Maria, que não queria nada demais naquele bar, apenas afogar-se em angústia e desilusão, viu em Gael uma saída. Ela amava um homem, um militar com quem se envolveu numa viagem no litoral. Mas ele a esnobava (e não sabia do seu ofício). Ela precisava de alguém, que realmente a satisfizesse, mas que não a interessava.

E foi Gael o escolhido. Nas noites lancinantes em que viveram, Gael se via cada vez mais envolvido. Não sei se serve de conselho, mas os relógios já avisavam: Depois das 4 horas, nada acontece. Não se aflija. As vielas da vida estão traçadas e é preciso sabedoria para melhor escolhê-las. Deve ser isso: Tornamo-nos mais burros depois das 4 (vou escrever sobre isto). Maria não quis mais Gael.

Maria já tinha conquistado o que realmente queria: a atenção do milico. Mas também não largou sua profissão. Menos que isso, não largou sua baixeza. Com os mesmos olhos e dentes conquistou Demétrio. Ela chegou tão baixo, num nível sub-humano. Fez com que o velho alterasse a carta de posse do Chapeleiro para ela.

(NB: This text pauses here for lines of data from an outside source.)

lemma qsd_measure_bind_kstep:
  assumes K: "K \<in> M \<rightarrow>\<^sub>M prob_algebra M" and \<nu>: "qsd M K c \<nu>"
    and A: "A \<in> sets M" "A \<subseteq> Dom M c"
  shows "measure (\<nu> \<bind> kstep M K n) A = mass M K c \<nu> n * measure \<nu> A"
proof -
  have "sets \<nu> = sets M" "prob_space \<nu>" "0 < mass M K c \<nu> n"
    and "(\<integral>x. Sg M K c n (indicator A) x \<partial>\<nu>) / mass M K c \<nu> n = measure \<nu> A"
    using \<nu> A by (auto simp: qsd_def)
  then show ?thesis using integral_Sg_indicator[OF K _ _ A] by (simp add: field_simps)
qed

lemma qsd_restrict_bind_kstep:
  assumes K: "K \<in> M \<rightarrow>\<^sub>M prob_algebra M" and c: "{c} \<in> sets M" and q: "qsd M K c \<nu>"
  shows "density (\<nu> \<bind> kstep M K n) (indicator (Dom M c))
    = scale_measure (ennreal (mass M K c \<nu> n)) \<nu>"
proof (rule measure_eqI)
  have \<nu>: "sets \<nu> = sets M" "prob_space \<nu>" "emeasure \<nu> {c} = 0" and m: "0 < mass M K c \<nu> n"
    using q by (auto simp: qsd_def)
  interpret \<nu>: prob_space \<nu> by fact
  let ?P = "\<nu> \<bind> kstep M K n"
  interpret P: prob_space ?P using prob_space_bind_kstep[OF K \<nu>(1,2)] .
  show "sets (density ?P (indicator (Dom M c))) = sets (scale_measure (ennreal (mass M K c \<nu> n)) \<nu>)"
    by (simp add: sets_bind_kstep[OF K \<nu>(1,2)] \<nu>(1))
  fix A assume "A \<in> sets (density ?P (indicator (Dom M c)))"
  then have A: "A \<in> sets M" by (simp add: sets_bind_kstep[OF K \<nu>(1,2)])
  have "{c} \<in> null_sets \<nu>" using \<nu> c by (auto intro: null_setsI)
  moreover have "Dom M c \<inter> A = A - {c}" using sets.sets_into_space[OF A] by (auto simp: Dom_def)
  ultimately have \<nu>_A: "measure \<nu> (Dom M c \<inter> A) = measure \<nu> A"
    using A by (simp add: measure_Diff_null_set \<nu>(1))
  have "emeasure (density ?P (indicator (Dom M c))) A = emeasure ?P (Dom M c \<inter> A)"
    using A c by (intro emeasure_restricted) (simp_all add: sets_bind_kstep[OF K \<nu>(1,2)] sets_Dom)
  also have "\<dots> = ennreal (mass M K c \<nu> n * measure \<nu> A)"
    using A sets_Dom[OF c] \<nu>_A qsd_measure_bind_kstep[OF K q, of "Dom M c \<inter> A"]
    by (simp add: P.emeasure_eq_measure)
  also have "\<dots> = emeasure (scale_measure (ennreal (mass M K c \<nu> n)) \<nu>) A"
    using m by (simp add: ennreal_mult \<nu>.emeasure_eq_measure)
  finally show "emeasure (density ?P (indicator (Dom M c))) A
    = emeasure (scale_measure (ennreal (mass M K c \<nu> n)) \<nu>) A" .
qed

lemma qsd_mass_Suc:
  assumes chain: "markov_absorbing M K c" and q: "qsd M K c \<nu>"
  shows "mass M K c \<nu> (Suc n) = mass M K c \<nu> n * mass M K c \<nu> 1"
proof -
  note K = markov_absorbingD(1)[OF chain] and c = markov_absorbingD(3)[OF chain]
  have \<nu>: "sets \<nu> = sets M" "prob_space \<nu>" and m: "\<And>k. 0 < mass M K c \<nu> k"
    using q by (auto simp: qsd_def)
  define P where "P k = \<nu> \<bind> kstep M K k" for k
  define g where "g y = emeasure (K y) (Dom M c)" for y
  have P: "sets (P k) = sets M" "prob_space (P k)" for k
    unfolding P_def using prob_space_bind_kstep sets_bind_kstep K \<nu> by blast+
  have g: "g \<in> borel_measurable \<nu>"
    unfolding g_def using measurable_prob_algebraD[OF K] sets_Dom[OF c]
    by (simp add: measurable_cong_sets[OF \<nu>(1) refl])
  have mass_P: "ennreal (mass M K c \<nu> k) = emeasure (P k) (Dom M c)" for k
    using mass_eq_measure_bind[OF K c \<nu>] P(2)
    by (simp add: P_def prob_space_def finite_measure.emeasure_eq_measure)
  have "emeasure (P (Suc n)) (Dom M c) = (\<integral>\<^sup>+y. g y \<partial>density (P n) (indicator (Dom M c)))"
    unfolding P_def bind_kstep_Suc[OF K \<nu>(1)] g_def
    using emeasure_bind_Dom[OF chain P[unfolded P_def]] .
  also have "\<dots> = ennreal (mass M K c \<nu> n) * (\<integral>\<^sup>+y. g y \<partial>\<nu>)"
    unfolding P_def qsd_restrict_bind_kstep[OF K c q] using g by (rule nn_integral_scale_measure)
  also have "(\<integral>\<^sup>+y. g y \<partial>\<nu>) = emeasure (P 1) (Dom M c)"
  proof -
    have "P 1 = \<nu> \<bind> K"
      using bind_kstep_Suc[OF K \<nu>(1), of 0] by (simp add: P_def bind_kstep_0[OF \<nu>(1)])
    then show ?thesis unfolding g_def using \<nu>
      by (simp add: emeasure_bind_prob_algebra[OF _ K sets_Dom[OF c]] space_prob_algebra)
  qed
  finally have "ennreal (mass M K c \<nu> (Suc n)) = ennreal (mass M K c \<nu> n) * ennreal (mass M K c \<nu> 1)"
    by (simp only: mass_P)
  then show ?thesis using m by (simp add: ennreal_mult[symmetric] less_imp_le)
qed

lemma qsd_mass_power:
  assumes chain: "markov_absorbing M K c" and q: "qsd M K c \<nu>"
  shows "mass M K c \<nu> n = mass M K c \<nu> 1 ^ n"
proof (induction n)
  case 0
  have "mass M K c \<nu> 0 = 1"
    using q markov_absorbingD[OF chain] by (intro mass_0) (auto simp: qsd_def)
  then show ?case by simp
next
  case (Suc n)
  then show ?case by (simp only: qsd_mass_Suc[OF chain q, of n] power_Suc mult.commute)
qed

lemma assumption_AD:
  assumes "assumption_A M K c W I \<nu>s \<eta> \<alpha>"
  shows "0 < theta0 M K c" "theta0 M K c \<le> 1" "W \<in> borel_measurable M"
    "\<And>x. x \<in> Dom M c \<Longrightarrow> 1 \<le> W x" "\<And>x. x \<in> Dom M c \<Longrightarrow> 0 \<le> jS M K c (return M x)"
    "\<alpha> \<longlonglongrightarrow> 0"
proof -
  have j: "\<forall>x\<in>Dom M c. \<exists>k::nat. jS M K c (return M x) = real k"
    using assms by (simp add: assumption_A_def)
  show "0 \<le> jS M K c (return M x)" if "x \<in> Dom M c" for x
    using j that by force
qed (use assms in \<open>simp_all add: assumption_A_def\<close>)

lemma assumption_A_survival_estimate:
  assumes A: "assumption_A M K c W I \<nu>s \<eta> \<alpha>" and x: "x \<in> Dom M c" and n: "1 \<le> n"
  shows "\<bar>real n powr - jS M K c (return M x) * (Sg M K c n (\<lambda>_. 1) x / theta0 M K c ^ n)
      - etaS I \<eta> x\<bar> \<le> \<alpha> n * normW M c W (\<lambda>_. 1) * W x"
proof -
  have "LinfW M c W (\<lambda>_. 1)"
    using assumption_AD(4)[OF A] by (auto simp: LinfW_def intro!: exI[of _ 1])
  then have "\<bar>inverse (theta0 M K c ^ n) * real n powr (- jS M K c (return M x)) * Sg M K c n (\<lambda>_. 1) x
      - infsum (\<lambda>i. \<eta> i x * (\<integral>y. 1 \<partial>\<nu>s i)) I\<bar> \<le> \<alpha> n * W x * normW M c W (\<lambda>_. 1)"
    using A x n unfolding assumption_A_def by blast
  moreover have "infsum (\<lambda>i. \<eta> i x * (\<integral>y. 1 \<partial>\<nu>s i)) I = etaS I \<eta> x"
    using A unfolding etaS_def assumption_A_def by (intro infsum_cong) (simp add: prob_space.prob_space)
  ultimately show ?thesis by (simp add: divide_inverse mult_ac)
qed

lemma survival_lower_bound:
  assumes A: "assumption_A M K c W I \<nu>s \<eta> \<alpha>" and x: "x \<in> Dom M c" and n: "1 \<le> n"
  shows "etaS I \<eta> x - \<alpha> n * normW M c W (\<lambda>_. 1) * W x \<le> Sg M K c n (\<lambda>_. 1) x / theta0 M K c ^ n"
proof -
  let ?u = "Sg M K c n (\<lambda>_. 1) x / theta0 M K c ^ n" and ?p = "real n powr - jS M K c (return M x)"
  have "0 \<le> ?u" by (intro divide_nonneg_pos Sg_one_nonneg zero_less_power assumption_AD(1)[OF A])
  moreover have "?p \<le> 1"
    using n assumption_AD(5)[OF A x] by (simp add: powr_minus_divide ge_one_powr_ge_zero)
  ultimately have "?p * ?u \<le> ?u" by (metis mult_left_le_one_le powr_ge_zero)
  with assumption_A_survival_estimate[OF A x n] show ?thesis by linarith
qed

lemma survival_upper_bound:
  assumes A: "assumption_A M K c W I \<nu>s \<eta> \<alpha>" and x: "x \<in> Dom M c" and n: "1 \<le> n"
    and l: "jS M K c (return M x) \<le> l"
  shows "Sg M K c n (\<lambda>_. 1) x / theta0 M K c ^ n
    \<le> real n powr l * (etaS I \<eta> x + \<alpha> n * normW M c W (\<lambda>_. 1) * W x)"
proof -
  let ?u = "Sg M K c n (\<lambda>_. 1) x / theta0 M K c ^ n" and ?j = "jS M K c (return M x)"
  have "0 \<le> real n powr - ?j * ?u"
    by (intro mult_nonneg_nonneg divide_nonneg_pos Sg_one_nonneg zero_less_power assumption_AD(1)[OF A]) simp
  have "?u = real n powr ?j * (real n powr - ?j * ?u)"
    using n by (simp add: powr_minus field_simps)
  also have "\<dots> \<le> real n powr l * (real n powr - ?j * ?u)"
    using n l \<open>0 \<le> real n powr - ?j * ?u\<close> by (intro mult_right_mono powr_mono) simp_all
  also have "\<dots> \<le> real n powr l * (etaS I \<eta> x + \<alpha> n * normW M c W (\<lambda>_. 1) * W x)"
    using assumption_A_survival_estimate[OF A x n] by (intro mult_left_mono) simp_all
  finally show ?thesis .
qed

lemma integrable_weight:
  assumes "MplusW M c W \<nu>" "{c} \<in> sets M" "W \<in> borel_measurable M" "\<And>x. x \<in> Dom M c \<Longrightarrow> 0 \<le> W x"
  shows "integrable \<nu> W"
proof (rule integrableI_nonneg)
  have \<nu>: "sets \<nu> = sets M" "emeasure \<nu> {c} = 0" using assms(1) by (simp_all add: MplusW_def)
  show "W \<in> borel_measurable \<nu>" using assms(3) by (simp add: measurable_cong_sets[OF \<nu>(1) refl])
  show "AE x in \<nu>. 0 \<le> W x" using AE_in_Dom[OF \<nu>(1) assms(2) \<nu>(2)] by eventually_elim (rule assms(4))
  show "(\<integral>\<^sup>+x. ennreal (W x) \<partial>\<nu>) < \<infinity>" using assms(1) by (simp add: MplusW_def)
qed

lemma AE_in_Dom_MplusW:
  assumes "markov_absorbing M K c" "MplusW M c W \<nu>"
  shows "AE x in \<nu>. x \<in> Dom M c"
  using assms by (intro AE_in_Dom) (simp_all add: MplusW_def markov_absorbingD)

lemma integrable_survival:
  assumes chain: "markov_absorbing M K c" and A: "assumption_A M K c W I \<nu>s \<eta> \<alpha>"
    and \<nu>: "MplusW M c W \<nu>"
  shows "integrable \<nu> W" "integrable \<nu> (Sg M K c n (\<lambda>_. 1))"
proof -
  note c = markov_absorbingD(3)[OF chain]
  show "integrable \<nu> W"
    using integrable_weight[OF \<nu> c] assumption_AD(3,4)[OF A] by fastforce
  have "sets \<nu> = sets M" "finite_measure \<nu>" using \<nu> by (simp_all add: MplusW_def)
  then show "integrable \<nu> (Sg M K c n (\<lambda>_. 1))"
    unfolding Sg_one_eq_Sg_indicator_Dom
    using integrable_Sg_indicator[OF markov_absorbingD(1)[OF chain]] sets_Dom[OF c] by blast
qed

lemma survival_mass_lower_bound:
  assumes chain: "markov_absorbing M K c" and A: "assumption_A M K c W I \<nu>s \<eta> \<alpha>"
    and \<nu>: "MplusW M c W \<nu>" and \<eta>: "integrable \<nu> (etaS I \<eta>)" and n: "1 \<le> n"
  shows "(\<integral>x. etaS I \<eta> x \<partial>\<nu>) - \<alpha> n * normW M c W (\<lambda>_. 1) * (\<integral>x. W x \<partial>\<nu>)
    \<le> mass M K c \<nu> n / theta0 M K c ^ n"
proof -
  note W = integrable_survival(1)[OF chain A \<nu>] and S = integrable_survival(2)[OF chain A \<nu>]
  have "(\<integral>x. etaS I \<eta> x - \<alpha> n * normW M c W (\<lambda>_. 1) * W x \<partial>\<nu>)
      \<le> (\<integral>x. Sg M K c n (\<lambda>_. 1) x / theta0 M K c ^ n \<partial>\<nu>)"
    using AE_in_Dom_MplusW[OF chain \<nu>]
    by (intro integral_mono_AE) (use \<eta> W S survival_lower_bound[OF A _ n] in auto)
  then show ?thesis using \<eta> W by (simp add: mass_def)
qed

lemma survival_mass_upper_bound:
  assumes chain: "markov_absorbing M K c" and A: "assumption_A M K c W I \<nu>s \<eta> \<alpha>"
    and \<nu>: "MplusW M c W \<nu>" and \<eta>: "integrable \<nu> (etaS I \<eta>)" and n: "1 \<le> n"
    and l: "AE x in \<nu>. jS M K c (return M x) \<le> l"
  shows "mass M K c \<nu> n / theta0 M K c ^ n
    \<le> real n powr l * ((\<integral>x. etaS I \<eta> x \<partial>\<nu>) + \<alpha> n * normW M c W (\<lambda>_. 1) * (\<integral>x. W x \<partial>\<nu>))"
proof -
  note W = integrable_survival(1)[OF chain A \<nu>] and S = integrable_survival(2)[OF chain A \<nu>]
  have "(\<integral>x. Sg M K c n (\<lambda>_. 1) x / theta0 M K c ^ n \<partial>\<nu>)
      \<le> (\<integral>x. real n powr l * (etaS I \<eta> x + \<alpha> n * normW M c W (\<lambda>_. 1) * W x) \<partial>\<nu>)"
    using AE_in_Dom_MplusW[OF chain \<nu>] l
    by (intro integral_mono_AE) (use \<eta> W S survival_upper_bound[OF A _ n] in auto)
  then show ?thesis using \<eta> W by (simp add: mass_def)
qed

lemma power_ge_one_if_lower_bound:
  fixes t L :: real and f :: "nat \<Rightarrow> real"
  assumes "0 \<le> t" "f \<longlonglongrightarrow> L" "0 < L" "\<forall>\<^sub>F n in sequentially. f n \<le> t ^ n"
  shows "1 \<le> t"
proof (rule ccontr)
  assume "\<not> 1 \<le> t"
  then have "(\<lambda>n. t ^ n) \<longlonglongrightarrow> 0" using assms(1) by (intro LIMSEQ_power_zero) simp
  then have "L \<le> 0" using assms(2,4) by (rule tendsto_le[OF trivial_limit_sequentially])
  with assms(3) show False by simp
qed

lemma power_le_one_if_polynomial_bound:
  fixes t l L :: real and f :: "nat \<Rightarrow> real"
  assumes "f \<longlonglongrightarrow> L" "\<forall>\<^sub>F n in sequentially. t ^ n \<le> real n powr l * f n"
  shows "t \<le> 1"
proof (rule ccontr)
  assume "\<not> t \<le> 1"
  then have t: "1 < t" by simp
  have "(\<lambda>n. real n powr l / t ^ n) \<longlonglongrightarrow> 0" using t by real_asymp
  then have "(\<lambda>n. real n powr l / t ^ n * f n) \<longlonglongrightarrow> 0 * L" using assms(1) by (rule tendsto_mult)
  moreover have "\<forall>\<^sub>F n in sequentially. 1 \<le> real n powr l / t ^ n * f n"
    using assms(2)
  proof eventually_elim
    case (elim n)
    moreover have "0 < t ^ n" using t by simp
    ultimately show ?case by (simp add: field_simps)
  qed
  ultimately have "1 \<le> 0 * L" by (rule tendsto_lowerbound) simp
  then show False by simp
qed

Fez com que Gael não enxergasse o caminho da vida. Fez com que o espanhol bêbado não visse que do outro lado da viela havia uma nova calçada, e o levaria longe. Às 4 horas do dia de Finados, Sebastian Gael Porteña se joga do Viaduto do Chá para nunca mais procurar outra oportunidade. Gael encontrou a viela da eternidade.